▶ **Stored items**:
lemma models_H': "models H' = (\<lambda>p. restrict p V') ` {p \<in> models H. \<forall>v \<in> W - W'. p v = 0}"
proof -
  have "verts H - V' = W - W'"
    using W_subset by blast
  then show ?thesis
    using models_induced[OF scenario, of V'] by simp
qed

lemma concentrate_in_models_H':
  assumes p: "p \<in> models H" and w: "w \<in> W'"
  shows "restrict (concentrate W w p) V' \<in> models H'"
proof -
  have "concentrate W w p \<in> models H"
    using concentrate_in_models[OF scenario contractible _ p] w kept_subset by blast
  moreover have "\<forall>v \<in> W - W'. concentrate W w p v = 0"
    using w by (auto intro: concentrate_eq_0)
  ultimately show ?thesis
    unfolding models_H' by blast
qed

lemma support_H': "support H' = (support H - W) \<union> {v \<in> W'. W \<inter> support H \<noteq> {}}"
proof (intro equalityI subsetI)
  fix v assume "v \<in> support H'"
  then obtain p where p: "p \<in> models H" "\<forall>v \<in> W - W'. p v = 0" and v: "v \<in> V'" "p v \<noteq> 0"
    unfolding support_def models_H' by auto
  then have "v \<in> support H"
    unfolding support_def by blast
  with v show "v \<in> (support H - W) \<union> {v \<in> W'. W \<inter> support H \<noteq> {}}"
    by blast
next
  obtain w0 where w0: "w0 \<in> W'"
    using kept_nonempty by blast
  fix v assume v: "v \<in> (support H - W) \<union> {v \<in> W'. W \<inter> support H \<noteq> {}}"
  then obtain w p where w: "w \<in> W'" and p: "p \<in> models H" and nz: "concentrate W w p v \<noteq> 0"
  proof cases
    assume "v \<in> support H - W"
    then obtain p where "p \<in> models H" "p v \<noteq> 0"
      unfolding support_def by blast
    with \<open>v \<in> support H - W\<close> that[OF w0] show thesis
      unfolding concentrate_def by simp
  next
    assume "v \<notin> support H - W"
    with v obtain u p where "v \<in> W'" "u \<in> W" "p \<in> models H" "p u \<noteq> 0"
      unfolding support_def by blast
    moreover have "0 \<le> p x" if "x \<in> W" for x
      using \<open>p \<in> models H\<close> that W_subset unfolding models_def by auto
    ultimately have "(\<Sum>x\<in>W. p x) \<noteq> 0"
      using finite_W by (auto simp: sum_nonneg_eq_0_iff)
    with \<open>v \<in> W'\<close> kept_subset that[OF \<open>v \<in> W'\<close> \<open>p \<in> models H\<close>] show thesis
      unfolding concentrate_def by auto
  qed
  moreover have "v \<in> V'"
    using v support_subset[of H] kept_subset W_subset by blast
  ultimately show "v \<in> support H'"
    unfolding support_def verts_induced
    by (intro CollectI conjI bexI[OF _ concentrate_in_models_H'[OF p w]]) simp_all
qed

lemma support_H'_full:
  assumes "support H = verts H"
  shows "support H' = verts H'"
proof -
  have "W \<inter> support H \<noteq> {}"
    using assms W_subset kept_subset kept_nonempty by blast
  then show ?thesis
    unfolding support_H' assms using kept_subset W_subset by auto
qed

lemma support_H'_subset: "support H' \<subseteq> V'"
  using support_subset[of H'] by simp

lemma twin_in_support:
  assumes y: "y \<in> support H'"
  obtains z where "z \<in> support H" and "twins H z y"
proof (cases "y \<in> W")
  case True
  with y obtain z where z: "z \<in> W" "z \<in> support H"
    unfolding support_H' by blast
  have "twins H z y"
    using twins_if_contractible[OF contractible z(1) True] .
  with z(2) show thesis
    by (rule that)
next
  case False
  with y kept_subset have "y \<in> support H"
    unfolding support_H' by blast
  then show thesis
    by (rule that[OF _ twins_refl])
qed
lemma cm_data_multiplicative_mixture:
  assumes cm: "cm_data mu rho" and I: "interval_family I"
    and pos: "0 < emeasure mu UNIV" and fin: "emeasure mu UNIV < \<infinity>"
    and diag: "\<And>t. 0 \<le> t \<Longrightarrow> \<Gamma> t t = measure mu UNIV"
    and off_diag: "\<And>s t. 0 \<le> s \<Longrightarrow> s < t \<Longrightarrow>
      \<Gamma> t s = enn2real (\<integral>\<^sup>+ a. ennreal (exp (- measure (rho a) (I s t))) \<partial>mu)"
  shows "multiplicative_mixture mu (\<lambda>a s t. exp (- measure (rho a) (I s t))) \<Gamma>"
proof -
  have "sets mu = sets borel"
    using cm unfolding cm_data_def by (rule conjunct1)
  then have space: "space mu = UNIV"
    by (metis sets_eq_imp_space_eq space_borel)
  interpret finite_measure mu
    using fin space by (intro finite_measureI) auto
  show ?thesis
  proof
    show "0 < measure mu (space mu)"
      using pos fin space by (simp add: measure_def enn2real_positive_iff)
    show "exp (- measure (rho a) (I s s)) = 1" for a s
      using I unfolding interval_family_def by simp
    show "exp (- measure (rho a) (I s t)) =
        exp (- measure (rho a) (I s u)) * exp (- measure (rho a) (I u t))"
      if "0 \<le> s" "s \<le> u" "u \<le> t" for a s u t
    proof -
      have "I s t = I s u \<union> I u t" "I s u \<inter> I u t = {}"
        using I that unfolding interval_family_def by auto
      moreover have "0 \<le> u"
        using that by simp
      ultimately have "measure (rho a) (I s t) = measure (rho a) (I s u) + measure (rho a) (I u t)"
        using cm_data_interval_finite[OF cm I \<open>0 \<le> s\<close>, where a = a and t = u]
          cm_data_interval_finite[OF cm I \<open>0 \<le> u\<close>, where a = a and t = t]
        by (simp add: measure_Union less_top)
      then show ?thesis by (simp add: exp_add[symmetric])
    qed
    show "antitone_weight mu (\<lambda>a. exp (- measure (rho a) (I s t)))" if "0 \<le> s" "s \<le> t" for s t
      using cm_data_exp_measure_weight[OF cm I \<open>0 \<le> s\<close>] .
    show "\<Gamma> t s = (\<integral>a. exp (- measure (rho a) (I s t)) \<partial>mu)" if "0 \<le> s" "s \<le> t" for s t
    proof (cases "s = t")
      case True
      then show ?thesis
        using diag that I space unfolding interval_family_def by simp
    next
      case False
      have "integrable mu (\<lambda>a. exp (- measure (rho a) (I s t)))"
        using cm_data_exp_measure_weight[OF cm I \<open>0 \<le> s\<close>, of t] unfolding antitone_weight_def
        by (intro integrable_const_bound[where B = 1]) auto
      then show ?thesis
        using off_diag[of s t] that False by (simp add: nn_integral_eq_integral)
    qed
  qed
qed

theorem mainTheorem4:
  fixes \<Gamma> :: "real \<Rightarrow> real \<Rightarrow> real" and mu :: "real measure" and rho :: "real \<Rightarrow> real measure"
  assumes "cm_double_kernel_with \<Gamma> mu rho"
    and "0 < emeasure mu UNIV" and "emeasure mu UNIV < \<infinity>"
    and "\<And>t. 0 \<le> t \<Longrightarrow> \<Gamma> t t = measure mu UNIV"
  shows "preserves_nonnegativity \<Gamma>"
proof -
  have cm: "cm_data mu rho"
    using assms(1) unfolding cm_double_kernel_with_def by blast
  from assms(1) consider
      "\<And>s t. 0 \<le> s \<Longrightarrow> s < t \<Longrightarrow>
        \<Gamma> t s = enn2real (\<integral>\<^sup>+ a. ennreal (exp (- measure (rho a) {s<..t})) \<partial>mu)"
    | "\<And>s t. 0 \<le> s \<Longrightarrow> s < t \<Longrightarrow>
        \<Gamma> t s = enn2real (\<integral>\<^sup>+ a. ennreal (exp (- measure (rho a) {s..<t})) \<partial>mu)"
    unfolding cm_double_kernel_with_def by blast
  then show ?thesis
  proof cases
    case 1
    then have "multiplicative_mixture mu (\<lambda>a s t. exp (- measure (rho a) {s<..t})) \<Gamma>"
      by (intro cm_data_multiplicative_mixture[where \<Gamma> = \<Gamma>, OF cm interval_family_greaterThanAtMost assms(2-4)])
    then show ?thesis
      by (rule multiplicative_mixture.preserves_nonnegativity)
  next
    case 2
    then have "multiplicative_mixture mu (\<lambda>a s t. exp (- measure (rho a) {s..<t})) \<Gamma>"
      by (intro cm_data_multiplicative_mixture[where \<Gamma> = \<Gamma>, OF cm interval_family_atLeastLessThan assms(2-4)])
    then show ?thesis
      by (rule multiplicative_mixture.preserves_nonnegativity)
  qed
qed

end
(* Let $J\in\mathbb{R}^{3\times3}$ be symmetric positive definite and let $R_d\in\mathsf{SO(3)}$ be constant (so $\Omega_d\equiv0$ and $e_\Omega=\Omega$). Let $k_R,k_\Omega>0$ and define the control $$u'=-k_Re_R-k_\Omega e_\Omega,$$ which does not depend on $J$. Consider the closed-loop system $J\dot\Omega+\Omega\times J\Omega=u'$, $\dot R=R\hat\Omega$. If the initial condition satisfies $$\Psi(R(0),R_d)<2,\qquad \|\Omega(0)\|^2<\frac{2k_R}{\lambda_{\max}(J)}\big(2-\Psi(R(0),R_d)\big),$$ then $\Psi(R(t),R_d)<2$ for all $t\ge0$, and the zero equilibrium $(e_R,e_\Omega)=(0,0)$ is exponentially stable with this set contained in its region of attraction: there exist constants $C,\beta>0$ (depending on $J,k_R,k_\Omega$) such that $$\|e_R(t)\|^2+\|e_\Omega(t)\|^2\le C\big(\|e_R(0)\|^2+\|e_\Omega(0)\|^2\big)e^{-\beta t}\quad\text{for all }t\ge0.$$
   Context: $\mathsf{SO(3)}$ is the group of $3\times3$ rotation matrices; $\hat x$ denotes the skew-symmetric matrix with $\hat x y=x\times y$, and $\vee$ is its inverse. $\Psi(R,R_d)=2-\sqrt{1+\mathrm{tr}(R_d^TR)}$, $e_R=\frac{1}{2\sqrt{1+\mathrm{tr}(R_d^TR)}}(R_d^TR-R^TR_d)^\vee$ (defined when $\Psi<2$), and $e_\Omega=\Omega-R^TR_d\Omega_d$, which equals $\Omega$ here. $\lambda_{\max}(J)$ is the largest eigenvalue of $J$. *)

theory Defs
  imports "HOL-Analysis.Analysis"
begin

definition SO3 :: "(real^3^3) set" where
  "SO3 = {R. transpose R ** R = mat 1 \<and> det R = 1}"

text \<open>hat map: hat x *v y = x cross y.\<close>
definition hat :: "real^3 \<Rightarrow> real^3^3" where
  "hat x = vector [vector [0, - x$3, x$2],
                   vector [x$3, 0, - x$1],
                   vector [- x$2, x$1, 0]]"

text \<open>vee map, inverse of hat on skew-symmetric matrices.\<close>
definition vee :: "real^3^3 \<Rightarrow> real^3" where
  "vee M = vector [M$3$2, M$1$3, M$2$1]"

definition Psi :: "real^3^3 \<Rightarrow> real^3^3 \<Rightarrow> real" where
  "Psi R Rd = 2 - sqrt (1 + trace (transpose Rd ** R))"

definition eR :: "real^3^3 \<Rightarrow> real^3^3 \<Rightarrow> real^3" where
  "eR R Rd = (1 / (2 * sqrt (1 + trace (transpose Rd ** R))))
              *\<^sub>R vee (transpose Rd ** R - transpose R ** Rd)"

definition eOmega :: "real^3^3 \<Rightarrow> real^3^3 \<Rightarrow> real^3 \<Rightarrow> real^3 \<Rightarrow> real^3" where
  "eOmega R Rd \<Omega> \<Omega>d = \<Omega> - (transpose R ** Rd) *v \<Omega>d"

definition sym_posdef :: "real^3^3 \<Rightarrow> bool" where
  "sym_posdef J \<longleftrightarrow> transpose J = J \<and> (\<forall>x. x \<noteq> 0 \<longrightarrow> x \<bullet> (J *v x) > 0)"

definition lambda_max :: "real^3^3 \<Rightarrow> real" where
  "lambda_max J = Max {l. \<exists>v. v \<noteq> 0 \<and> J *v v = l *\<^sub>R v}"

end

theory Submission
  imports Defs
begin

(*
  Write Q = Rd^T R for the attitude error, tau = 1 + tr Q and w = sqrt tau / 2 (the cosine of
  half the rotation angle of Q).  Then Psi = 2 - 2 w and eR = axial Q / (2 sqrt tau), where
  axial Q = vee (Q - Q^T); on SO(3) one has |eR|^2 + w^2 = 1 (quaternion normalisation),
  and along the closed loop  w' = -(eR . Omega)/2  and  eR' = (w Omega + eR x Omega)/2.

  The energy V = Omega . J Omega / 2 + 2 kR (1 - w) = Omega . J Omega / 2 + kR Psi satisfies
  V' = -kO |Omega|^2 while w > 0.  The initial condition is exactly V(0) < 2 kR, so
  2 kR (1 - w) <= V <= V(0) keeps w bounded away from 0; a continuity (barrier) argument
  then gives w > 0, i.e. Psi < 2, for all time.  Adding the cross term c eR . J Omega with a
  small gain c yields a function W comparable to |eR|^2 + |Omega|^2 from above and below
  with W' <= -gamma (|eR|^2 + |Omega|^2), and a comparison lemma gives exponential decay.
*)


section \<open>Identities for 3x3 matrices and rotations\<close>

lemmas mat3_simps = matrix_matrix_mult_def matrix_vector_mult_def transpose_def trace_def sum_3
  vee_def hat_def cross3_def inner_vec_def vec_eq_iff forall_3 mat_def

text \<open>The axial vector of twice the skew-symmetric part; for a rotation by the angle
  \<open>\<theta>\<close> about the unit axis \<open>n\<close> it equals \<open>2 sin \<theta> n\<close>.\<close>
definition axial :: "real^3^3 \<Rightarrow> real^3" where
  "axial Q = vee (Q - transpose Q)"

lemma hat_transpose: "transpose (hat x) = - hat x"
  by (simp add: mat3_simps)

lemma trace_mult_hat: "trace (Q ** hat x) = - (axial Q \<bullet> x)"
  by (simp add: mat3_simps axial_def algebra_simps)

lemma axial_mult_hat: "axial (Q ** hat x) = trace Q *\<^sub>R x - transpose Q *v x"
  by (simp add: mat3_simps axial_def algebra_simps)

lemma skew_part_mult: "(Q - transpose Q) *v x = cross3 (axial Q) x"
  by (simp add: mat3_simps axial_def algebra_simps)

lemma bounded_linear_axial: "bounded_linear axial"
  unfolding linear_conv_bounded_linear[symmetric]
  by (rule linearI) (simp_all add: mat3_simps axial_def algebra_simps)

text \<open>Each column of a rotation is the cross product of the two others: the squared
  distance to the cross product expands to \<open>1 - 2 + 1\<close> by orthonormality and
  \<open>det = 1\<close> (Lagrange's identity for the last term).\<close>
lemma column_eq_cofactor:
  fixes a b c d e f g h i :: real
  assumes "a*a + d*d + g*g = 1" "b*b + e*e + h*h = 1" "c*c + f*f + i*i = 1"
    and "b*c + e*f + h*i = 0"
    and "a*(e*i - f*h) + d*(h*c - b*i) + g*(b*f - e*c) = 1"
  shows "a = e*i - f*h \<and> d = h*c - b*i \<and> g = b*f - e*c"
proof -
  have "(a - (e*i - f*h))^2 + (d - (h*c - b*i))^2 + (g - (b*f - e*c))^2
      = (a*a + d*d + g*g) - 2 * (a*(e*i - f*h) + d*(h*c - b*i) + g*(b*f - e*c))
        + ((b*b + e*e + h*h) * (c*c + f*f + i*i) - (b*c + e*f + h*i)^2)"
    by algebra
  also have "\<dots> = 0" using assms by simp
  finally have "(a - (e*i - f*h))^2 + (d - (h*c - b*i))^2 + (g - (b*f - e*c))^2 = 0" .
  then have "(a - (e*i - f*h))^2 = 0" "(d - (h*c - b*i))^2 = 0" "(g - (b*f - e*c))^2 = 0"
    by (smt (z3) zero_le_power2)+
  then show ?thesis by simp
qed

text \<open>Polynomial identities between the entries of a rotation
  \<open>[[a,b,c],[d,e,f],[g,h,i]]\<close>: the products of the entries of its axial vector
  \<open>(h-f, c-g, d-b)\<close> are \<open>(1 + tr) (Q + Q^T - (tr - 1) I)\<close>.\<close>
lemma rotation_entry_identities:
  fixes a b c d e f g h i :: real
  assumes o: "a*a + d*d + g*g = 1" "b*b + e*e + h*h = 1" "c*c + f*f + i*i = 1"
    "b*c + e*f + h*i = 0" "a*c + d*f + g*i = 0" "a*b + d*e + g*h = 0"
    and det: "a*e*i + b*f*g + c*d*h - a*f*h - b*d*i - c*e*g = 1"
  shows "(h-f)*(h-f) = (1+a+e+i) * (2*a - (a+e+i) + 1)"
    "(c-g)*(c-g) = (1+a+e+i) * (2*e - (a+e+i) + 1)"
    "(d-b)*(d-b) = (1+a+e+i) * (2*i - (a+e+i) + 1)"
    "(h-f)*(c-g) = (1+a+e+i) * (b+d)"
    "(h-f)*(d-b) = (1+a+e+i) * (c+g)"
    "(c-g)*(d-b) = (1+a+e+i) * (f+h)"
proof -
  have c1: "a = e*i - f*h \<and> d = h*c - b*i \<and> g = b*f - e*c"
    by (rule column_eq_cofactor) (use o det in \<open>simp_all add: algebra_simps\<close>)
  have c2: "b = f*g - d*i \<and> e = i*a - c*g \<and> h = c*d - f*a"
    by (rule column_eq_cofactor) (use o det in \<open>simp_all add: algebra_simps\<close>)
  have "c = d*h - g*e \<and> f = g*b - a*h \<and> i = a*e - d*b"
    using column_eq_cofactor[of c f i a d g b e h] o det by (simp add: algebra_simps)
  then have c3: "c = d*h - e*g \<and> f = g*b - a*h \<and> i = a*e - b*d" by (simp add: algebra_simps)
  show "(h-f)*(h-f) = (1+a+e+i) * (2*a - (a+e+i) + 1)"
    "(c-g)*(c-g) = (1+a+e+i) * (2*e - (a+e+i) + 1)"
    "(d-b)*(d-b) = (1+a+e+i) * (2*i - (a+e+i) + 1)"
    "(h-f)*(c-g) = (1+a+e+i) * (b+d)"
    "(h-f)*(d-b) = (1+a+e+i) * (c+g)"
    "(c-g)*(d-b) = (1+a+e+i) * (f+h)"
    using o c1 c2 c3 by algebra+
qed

▶ **Exercise directions**: Return exactly what appears above, from the first line of the entries to the line with "with \<open>v \<in> W'\<close>", inclusive.

▶ **Solution for this task**:
lemma models_H': "models H' = (\<lambda>p. restrict p V') ` {p \<in> models H. \<forall>v \<in> W - W'. p v = 0}"
proof -
  have "verts H - V' = W - W'"
    using W_subset by blast
  then show ?thesis
    using models_induced[OF scenario, of V'] by simp
qed

lemma concentrate_in_models_H':
  assumes p: "p \<in> models H" and w: "w \<in> W'"
  shows "restrict (concentrate W w p) V' \<in> models H'"
proof -
  have "concentrate W w p \<in> models H"
    using concentrate_in_models[OF scenario contractible _ p] w kept_subset by blast
  moreover have "\<forall>v \<in> W - W'. concentrate W w p v = 0"
    using w by (auto intro: concentrate_eq_0)
  ultimately show ?thesis
    unfolding models_H' by blast
qed

lemma support_H': "support H' = (support H - W) \<union> {v \<in> W'. W \<inter> support H \<noteq> {}}"
proof (intro equalityI subsetI)
  fix v assume "v \<in> support H'"
  then obtain p where p: "p \<in> models H" "\<forall>v \<in> W - W'. p v = 0" and v: "v \<in> V'" "p v \<noteq> 0"
    unfolding support_def models_H' by auto
  then have "v \<in> support H"
    unfolding support_def by blast
  with v show "v \<in> (support H - W) \<union> {v \<in> W'. W \<inter> support H \<noteq> {}}"
    by blast
next
  obtain w0 where w0: "w0 \<in> W'"
    using kept_nonempty by blast
  fix v assume v: "v \<in> (support H - W) \<union> {v \<in> W'. W \<inter> support H \<noteq> {}}"
  then obtain w p where w: "w \<in> W'" and p: "p \<in> models H" and nz: "concentrate W w p v \<noteq> 0"
  proof cases
    assume "v \<in> support H - W"
    then obtain p where "p \<in> models H" "p v \<noteq> 0"
      unfolding support_def by blast
    with \<open>v \<in> support H - W\<close> that[OF w0] show thesis
      unfolding concentrate_def by simp
  next
    assume "v \<notin> support H - W"
    with v obtain u p where "v \<in> W'" "u \<in> W" "p \<in> models H" "p u \<noteq> 0"
      unfolding support_def by blast
    moreover have "0 \<le> p x" if "x \<in> W" for x
      using \<open>p \<in> models H\<close> that W_subset unfolding models_def by auto
    ultimately have "(\<Sum>x\<in>W. p x) \<noteq> 0"
      using finite_W by (auto simp: sum_nonneg_eq_0_iff)
    with \<open>v \<in> W'\<close> kept_subset that[OF \<open>v \<in> W'\<close> \<open>p \<in> models H\<close>] show thesis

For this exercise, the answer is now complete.